On behalf of my country, I'd like to apologize for our embarrassing president and his war. I didn't vote for him and I can't stop him.

I'll be on commuter shuttles between Boston and DC every weekend. Please don't blow me up.

Anxiously,
Swerve

-----

Complaints Department:

  • I can't really walk on my injured foot today. I don't see a doctor until tomorrow. I have not figured out how to handle this, as my average day involves about a mile on foot and four flights of stairs.

  • I have a headache the size of Texas. A hot shower and headache meds have failed to banish it.

  • My mother is still in the ICU and recovering very slowly with a number of complications. Her usually buoyant personality has been beaten into depression by her situation.

  • My country is about to start a war which is opposed by practically everyone, including me.
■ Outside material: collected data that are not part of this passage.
lemma inner_sig: "v \<bullet> (sig *v v) = (\<Sum>J\<in>JJ. g J c * (J \<bullet> v)\<^sup>2)"
  by (simp add: sig_def inner_sigma2[OF JJ_fin])

lemma inner_sS_R: "v \<bullet> (sS *v v) = (R *v v) \<bullet> (sig *v (R *v v))"
  by (simp add: sS_def matrix_vector_mul_assoc[symmetric] R_inner_commute[symmetric])

lemma inner_sS: "v \<bullet> (sS *v v) = (\<Sum>J\<in>JJ. g J c * ((R *v J) \<bullet> v)\<^sup>2)"
  by (simp add: inner_sS_R inner_sig R_inner_commute)

lemma sS_sym: "sym_mat sS"
  using R_posdef sig_sym
  by (simp add: posdef_def sS_def sym_mat_def matrix_transpose_mul matrix_mul_assoc)

lemma sS_posdef: "posdef sS"
  unfolding posdef_def
proof (intro conjI sS_sym allI impI)
  fix v :: "real^'d" assume "v \<noteq> 0"
  then have "v \<bullet> (R *v v) > 0" using R_posdef by (simp add: posdef_def)
  then have "R *v v \<noteq> 0" by auto
  then show "v \<bullet> (sS *v v) > 0" using sig_posdef by (simp add: inner_sS_R posdef_def)
qed

lemma \<alpha>1_pos: "\<alpha>1 > 0"
  using posdef_lam_min_pos[OF sS_posdef] by (simp add: \<alpha>1_def)

lemma trace_sS: "trace sS = (\<Sum>J\<in>JJ. g J c * ((R *v J) \<bullet> (R *v J)))"
proof -
  have "trace sS = (\<Sum>i\<in>UNIV. \<Sum>J\<in>JJ. g J c * ((R *v J) $ i)\<^sup>2)"
    by (simp add: trace_eq_sum_inner_axis inner_sS inner_axis)
  also have "\<dots> = (\<Sum>J\<in>JJ. g J c * (\<Sum>i\<in>UNIV. ((R *v J) $ i)\<^sup>2))"
    by (subst sum.swap) (simp add: sum_distrib_left)
  finally show ?thesis by (simp add: inner_vec_def power2_eq_square)
qed

lemma trace_sS_nonneg: "trace sS \<ge> 0"
  unfolding trace_sS using g_nonneg by (intro sum_nonneg) simp

lemma trace_sig: "trace sig = (\<Sum>J\<in>JJ. g J c * (J \<bullet> J))"
  by (simp add: sig_def trace_sigma2)

lemma lam_max_sS_le: "lam_max sS \<le> cond_num sig * cond_num S * lam_min sS"
proof -
  have lmin_sig: "lam_min sig > 0" by (rule posdef_lam_min_pos[OF sig_posdef])
  have "lam_max sS \<le> lam_max sig / lam_min S"
  proof (rule lam_max_le_rayleigh_bound[OF sS_sym])
    fix v
    have "v \<bullet> (sS *v v) \<le> lam_max sig * (norm (R *v v))\<^sup>2"
      unfolding inner_sS_R power2_norm_eq_inner by (rule rayleigh_upper[OF sig_sym])
    also have "\<dots> \<le> lam_max sig * ((v \<bullet> v) / lam_min S)"
      using norm_R_sq_le lmin_sig lam_min_le_lam_max[OF sig_sym] by (intro mult_left_mono) auto
    finally show "v \<bullet> (sS *v v) \<le> lam_max sig / lam_min S * (v \<bullet> v)" by simp
  qed
  moreover have "lam_min sig / lam_max S \<le> lam_min sS"
  proof (rule rayleigh_bound_le_lam_min[OF sS_sym])
    fix v
    have "lam_min sig / lam_max S * (v \<bullet> v) \<le> lam_min sig * (norm (R *v v))\<^sup>2"
      using mult_left_mono[OF norm_R_sq_ge[of v], of "lam_min sig"] lmin_sig by simp
    also have "\<dots> \<le> v \<bullet> (sS *v v)"
      unfolding inner_sS_R power2_norm_eq_inner by (rule rayleigh_lower[OF sig_sym])
    finally show "lam_min sig / lam_max S * (v \<bullet> v) \<le> v \<bullet> (sS *v v)" .
  qed
  moreover have "lam_max sig / lam_min S = cond_num sig * cond_num S * (lam_min sig / lam_max S)"
    using lmin_sig lam_min_S_pos lam_max_S_pos by (simp add: cond_num_def)
  moreover have "cond_num sig * cond_num S \<ge> 0"
    using lmin_sig lam_min_S_pos lam_min_le_lam_max[OF sig_sym] lam_min_le_lam_max[OF S_sym]
    by (simp add: cond_num_def)
  ultimately show ?thesis by (smt (verit) mult_left_mono)
qed
(* Let $M$ be a loopless binary matroid of rank $r$ on ground set $S$. Every rainbow circuit-free coloring of $M$ with exactly $r$ colors is standard. In particular, one of the color classes consists of pairwise parallel elements of $M$.
   Context: A coloring of $S$ is a partition of $S$ into nonempty color classes; it is rainbow circuit-free if no circuit of $M$ has all its elements of pairwise different colors. A coloring of a rank-$r$ matroid $M$ with color classes $S_1,\dots,S_r$ is standard if, after possibly reindexing the classes, $S_i$ is a cut of the restriction $M|(S_1\cup\dots\cup S_i)$ for every $i=1,\dots,r$. A cut of a matroid is an inclusionwise minimal subset of the ground set intersecting every basis. Two non-loop elements $e,f$ are parallel if $r_M(\{e,f\})=1$. A matroid is binary if it is representable over $GF(2)$. *)

theory Defs
  imports Main "HOL-Library.Disjoint_Sets" "HOL-Library.Z2"
begin

definition matroid :: "'a set \<Rightarrow> ('a set \<Rightarrow> bool) \<Rightarrow> bool" where
  "matroid S indep \<longleftrightarrow> finite S \<and> indep {} \<and> (\<forall>X. indep X \<longrightarrow> X \<subseteq> S)
     \<and> (\<forall>X Y. indep X \<and> Y \<subseteq> X \<longrightarrow> indep Y)
     \<and> (\<forall>X Y. indep X \<and> indep Y \<and> card X < card Y \<longrightarrow> (\<exists>e\<in>Y - X. indep (insert e X)))"

definition mrank :: "('a set \<Rightarrow> bool) \<Rightarrow> 'a set \<Rightarrow> nat" where
  "mrank indep X = Max {card Y | Y. Y \<subseteq> X \<and> indep Y}"

definition circuit :: "'a set \<Rightarrow> ('a set \<Rightarrow> bool) \<Rightarrow> 'a set \<Rightarrow> bool" where
  "circuit S indep C \<longleftrightarrow> C \<subseteq> S \<and> \<not> indep C \<and> (\<forall>D. D \<subset> C \<longrightarrow> indep D)"

definition loopless :: "'a set \<Rightarrow> ('a set \<Rightarrow> bool) \<Rightarrow> bool" where
  "loopless S indep \<longleftrightarrow> (\<forall>e\<in>S. \<not> circuit S indep {e})"
(* Let $N$ be a positive integer, $L>0$, and $\zeta=(\zeta_0,\dots,\zeta_{N+2})\in\mathbb{R}^{N+3}$ with $\zeta_0>\zeta_1>\dots>\zeta_{N+1}>\zeta_{N+2}=0$. With $x_i,g_i,f_i$ and $W^\zeta$ as defined in the context, the function $W^\zeta:\mathbb{R}^{N+1}\to\mathbb{R}$ is convex and has a Lipschitz-continuous gradient with constant $L$, and $W^\zeta(x_i)=f_i$, $\nabla W^\zeta(x_i)=g_i$ for all $i\in\{0,\dots,N+1\}$.
   Context: Let $e_0,\dots,e_N$ denote the standard unit vectors of $\mathbb{R}^{N+1}$ (zero-based indexing). Define for $i=0,\dots,N+1$: $x_i=-\sum_{j=0}^{i-1}\frac{\zeta_j-\zeta_{i+1}}{\sqrt{\zeta_j-\zeta_{j+1}}}e_j\in\mathbb{R}^{N+1}$; $g_i=L\sqrt{\zeta_i-\zeta_{i+1}}\,e_i$ for $i=0,\dots,N$ and $g_{N+1}=0$; $f_i=\frac L2(\zeta_i+\zeta_{i+1})$ for $i=0,\dots,N$ and $f_{N+1}=0$. For $y\in\mathbb{R}^{N+1}$, $\nu\in\mathbb{R}^{N+1}$, $\alpha=(\alpha_0,\dots,\alpha_{N+1})\in\mathbb{R}^{N+2}$ let $w^\zeta(y,\nu,\alpha)=\frac L2\|y+\nu-\sum_{i=0}^{N+1}\alpha_i(x_i-\frac1Lg_i)\|^2+\sum_{i=0}^{N+1}\alpha_i(f_i-\frac1{2L}\|g_i\|^2)$, and $W^\zeta(y)=\min\{w^\zeta(y,\nu,\alpha):\nu\in\mathbb{R}^{N+1}_+,\ \alpha\in\Delta_{N+2}\}$, where $\mathbb{R}^{N+1}_+$ is the nonnegative orthant and $\Delta_{N+2}=\{\alpha\in\mathbb{R}^{N+2}:\alpha_i\geq0,\ \sum_i\alpha_i=1\}$. *)

theory Defs
  imports "HOL-Analysis.Analysis"
begin

text \<open>R^{N+1} is rendered as real^'n, where enum is a bijection from {0..N}
  onto the index type 'n; e_j is the standard unit vector at index enum j.\<close>

definition uvec :: "(nat \<Rightarrow> 'n::finite) \<Rightarrow> nat \<Rightarrow> real^'n" where
  "uvec enum j = axis (enum j) 1"

definition xpt :: "(nat \<Rightarrow> real) \<Rightarrow> (nat \<Rightarrow> 'n::finite) \<Rightarrow> nat \<Rightarrow> real^'n" where
  "xpt \<zeta> enum i = - (\<Sum>j<i. ((\<zeta> j - \<zeta> (i+1)) / sqrt (\<zeta> j - \<zeta> (j+1))) *\<^sub>R uvec enum j)"

definition gpt :: "nat \<Rightarrow> real \<Rightarrow> (nat \<Rightarrow> real) \<Rightarrow> (nat \<Rightarrow> 'n::finite) \<Rightarrow> nat \<Rightarrow> real^'n" where
  "gpt N L \<zeta> enum i = (if i \<le> N then (L * sqrt (\<zeta> i - \<zeta> (i+1))) *\<^sub>R uvec enum i else 0)"

definition fval :: "nat \<Rightarrow> real \<Rightarrow> (nat \<Rightarrow> real) \<Rightarrow> nat \<Rightarrow> real" where
  "fval N L \<zeta> i = (if i \<le> N then L / 2 * (\<zeta> i + \<zeta> (i+1)) else 0)"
  • I need to handle a number of things, including paying bills, getting a new resident permit sticker for my car at City Hall, getting a long-overdue haircut, settling with Hollywood Video about a DVD I forgot to return (and probably now own), getting my temporary crowns replaced with permanent ones, and getting another set of plane tickets for this weekend. I don't know when I can fit any of this in. It's like a jigsaw puzzle.

  • My desk chair is falling apart. The seat is held together with duct tape. The left armrest has ripped away from the base and will break off completely if I lean on it.

  • I'm skipping my rhetorical theory class because everything hurts. I feel guilty. I hate feeling guilty. But I hate having a headache and an injured foot, too.

This vexes me. I'm terribly vexed.

Edited to add: holy moly. I should have taken this Vicodin earlier. I could have gotten to class. Please excuse any weird behavior on my part for the next several hours. Whee.